[Mr. Fortescue by William Westall]@TWC D-Link book
Mr. Fortescue

CHAPTER XXVII
9/10

It is the Palladium of the mission and the source of all our prosperity and happiness.

Besides, how could it fail?
You see how solidly it is built, and every month it is carefully inspected from end to end." "It might be destroyed by an earthquake." "You are pleased to be a Job's comforter, Monsieur Nigel.

Damaged it might be, but hardly destroyed, except in some cataclysm which would destroy everything, and that is a risk which, like all dwellers in countries subject to earthquakes, we must run.

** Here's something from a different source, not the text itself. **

(* Let $(M,g_{\alpha\beta})$ be a conformal completion à la Penrose of a physical space-time with arbitrary $\Lambda$, in the gauge of the context. Choose $p_0\in\mathscr{J}^+$ and a future null vector $\ell^\alpha$ at $p_0$, and let $\gamma$ be the corresponding null geodesic with affine parameter $\lambda$, $\lambda|_{p_0}=0$, normalised by $\ell^\mu N_\mu|_{p_0}=-1$. Assume $\Omega(\lambda)$ admits an expansion in powers of $\lambda$ near $0$, and write $\Omega_i:=\frac{d^i\Omega}{d\lambda^i}(0)$; note $\Omega(0)=0$ and $\Omega_1=-1$. Then, near $\lambda=0$, the physical Weyl tensor along $\gamma$ satisfies at $p_0$ $$(L^*\hat C)_{\alpha\beta\gamma\delta}=\lambda\, d^{(N)}_{\alpha\beta\gamma\delta}+\lambda^2 e^{(III)}_{\alpha\beta\gamma\delta}+\lambda^3 f^{(II/D)}_{\alpha\beta\gamma\delta}+\lambda^4 g^{(I)}_{\alpha\beta\gamma\delta}+\lambda^5 h^{(I)}_{\alpha\beta\gamma\delta}+O(\lambda^6),$$ where (suppressing indices): $$d^{(N)}=-C^{(4,0)},$$ $$e^{(III)}=C^{(3,0)}+\tfrac{\Omega_2}{2}C^{(4,0)}-C^{(4,1)},$$ $$f^{(II/D)}=-C^{(2,0)}-\Omega_2C^{(3,0)}+\tfrac{\Omega_3}{6}C^{(4,0)}+C^{(3,1)}-C^{(4,2)}+\tfrac{\Omega_2}{2}C^{(4,1)},$$ $$g^{(I)}=C^{(1,0)}+\tfrac{3\Omega_2}{2}C^{(2,0)}+\Big(\tfrac{\Omega_2^2}{4}-\tfrac{\Omega_3}{3}\Big)C^{(3,0)}+\tfrac{\Omega_4}{4!}C^{(4,0)}-C^{(2,1)}+C^{(3,2)}-C^{(4,3)}+\tfrac{\Omega_2}{2}C^{(4,2)}-\Omega_2C^{(3,1)}+\tfrac{\Omega_3}{6}C^{(4,1)},$$ $$h^{(I)}=-C^{(0,0)}-2\Omega_2C^{(1,0)}+\Big(\tfrac{\Omega_3}{2}-\tfrac34\Omega_2^2\Big)C^{(2,0)}+\Big(\tfrac16\Omega_2\Omega_3-\tfrac{\Omega_4}{12}\Big)C^{(3,0)}+\tfrac{\Omega_5}{5!}C^{(4,0)}+C^{(1,1)}-C^{(2,2)}+C^{(3,3)}-C^{(4,4)}+\tfrac32\Omega_2C^{(2,1)}-\Omega_2C^{(3,2)}+\tfrac{\Omega_2}{2}C^{(4,3)}+\tfrac{\Omega_2^2}{4}C^{(3,1)}-\tfrac{\Omega_3}{3}C^{(3,1)}+\tfrac{\Omega_3}{6}C^{(4,2)}+\tfrac{\Omega_4}{4!}C^{(4,1)}.$$ These five tensors are Weyl-tensor candidates. In the null tetrad containing $\ell^\alpha$ and $k^\alpha$, $d^{(N)}$ has only $\psi_4$ possibly non-zero (type N or zero, with $\ell$ a fourfold principal null direction). Their generic Petrov types are N, III, II/D, I, I respectively.
   Context: A conformal completion à la Penrose of a physical space-time $(\hat M,\hat g_{\alpha\beta})$ is a space-time-with-boundary $(M,g_{\alpha\beta})$ satisfying the following. $\hat M\subset M$ is the interior. There is a smooth function $\Omega$ on $M$ with $\Omega>0$ and $g_{\alpha\beta}=\Omega^2\hat g_{\alpha\beta}$ on $\hat M$. The conformal boundary is $\mathscr{J}=\{\Omega=0\}$, and $d\Omega\neq0$ on $\mathscr{J}$; $\mathscr{J}^+$ denotes its future component. The physical metric satisfies Einstein's equations with cosmological constant $\Lambda$. The signature is $(-,+,+,+)$. $\nabla$ and $\hat\nabla$ denote the Levi-Civita connections of $g$ and $\hat g$. Set $N_\alpha:=\nabla_\alpha\Omega$; indices are raised and lowered with $g$. The gauge is fixed so that $\nabla_\alpha N_\beta=0$ on $\mathscr{J}$, hence $N_\alpha N^\alpha=-\Lambda/3$ on $\mathscr{J}$. The physical Weyl tensor satisfies $\hat C_{\alpha\beta\gamma}{}^\delta=C_{\alpha\beta\gamma}{}^\delta$ on $\hat M$. The rescaled Weyl tensor $d$ is defined by $\Omega d_{\alpha\beta\gamma}{}^\delta=C_{\alpha\beta\gamma}{}^\delta$ and is assumed to extend smoothly to $\mathscr{J}$. A Weyl-tensor candidate is a tensor with all algebraic symmetries of a Weyl tensor (pair antisymmetry, pair-exchange symmetry, cyclic identity, tracelessness). The geodesic $\gamma:[-1,0]\to M$ is the null $g$-geodesic with: - $\gamma(0)=p_0$ and $\gamma([-1,0))\subset\hat M$; - tangent $\ell^\alpha$ and affine parameter $\lambda$. Write $\Omega(\lambda)=\Omega(\gamma(\lambda))$. At $p_0$ set: - $k^\alpha:=N^\alpha-\frac{\Lambda}{6}\ell^\alpha$, which is null with $k\cdot\ell=-1$; - $P^\alpha{}_\beta:=\delta^\alpha_\beta+k^\alpha\ell_\beta+\ell^\alpha k_\beta$. Use the null tetrad $(\ell,k,m,\bar m)$ with Newman–Penrose Weyl scalars labelled so that only $\psi_4\neq0$ means $\ell$ is a fourfold principal null direction, and only $\psi_0\neq0$ means $k$ is. Let $t$ and $\hat t$ be the $\nabla$- and $\hat\nabla$-parallel propagators of covectors along $\gamma$ ($t(\lambda_i,\lambda_j)$ maps from $\gamma(\lambda_j)$ to $\gamma(\lambda_i)$). Define $$L_\alpha{}^\beta:=t_\alpha{}^\mu(0,-1)\hat t_\mu{}^\rho(-1,\lambda)t_\rho{}^\beta(\lambda,0)$$ and, for a covariant tensor $T$ at $\gamma(\lambda)$, $$(L^*T)_{\alpha_1\dots\alpha_r}:=L_{\alpha_1}{}^{\nu_1}\cdots L_{\alpha_r}{}^{\nu_r}t_{\nu_1}{}^{\mu_1}(0,\lambda)\cdots t_{\nu_r}{}^{\mu_r}(0,\lambda)T_{\mu_1\dots\mu_r}.$$ The tensors $C^{(a)}$ ($a=0,\dots,4$) are the Weyl-tensor candidates at $p_0$ in the decomposition $$L^*\hat C=\sum_{a=0}^4\Omega^{5-a}C^{(a)}.$$ They are regular as $\lambda\to0$, and each $C^{(a)}$ has only the Weyl scalar $\psi_a$ possibly non-vanishing in the tetrad $(\ell,k,m,\bar m)$. Their leading term is $C^{(4,0)}_{\alpha\beta\gamma\delta}=\frac{4}{\Omega(-1)^2}d_{\mu\nu\rho\sigma}k^\nu k^\sigma P_{[\alpha}{}^\mu\ell_{\beta]}P_{[\gamma}{}^\rho\ell_{\delta]}$. Their expansions are $C^{(a)}=\sum_{i\ge0}C^{(a,i)}\lambda^i$. *)

theory Defs
  imports "HOL-Analysis.Analysis"
begin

We cannot escape from the conditions of our existence; and life is so pleasant here, we are spared so many of the miseries which afflict our fellow-creatures in other parts of the world--war, pestilence, strife, and want--that it were as foolish and ungrateful to make ourselves unhappy because we are exposed to some remote danger against which we cannot guard, as to repine because we cannot live forever." "You discourse most excellent philosophy, Mademoiselle Angela." "Without knowing it, then, as Monsieur Jourdan talked prose." "So! You have read Moliere ?" "Over and over again." "Then you must have a library at San Cristobal." "A very small one, as you may suppose; but a small library is not altogether a disadvantage, as the abbe says.

The fewer books you have the oftener you read them; and it is better to read a few books well than many superficially." "The abbe has been your sole teacher, I suppose ?" "Has been! He is still.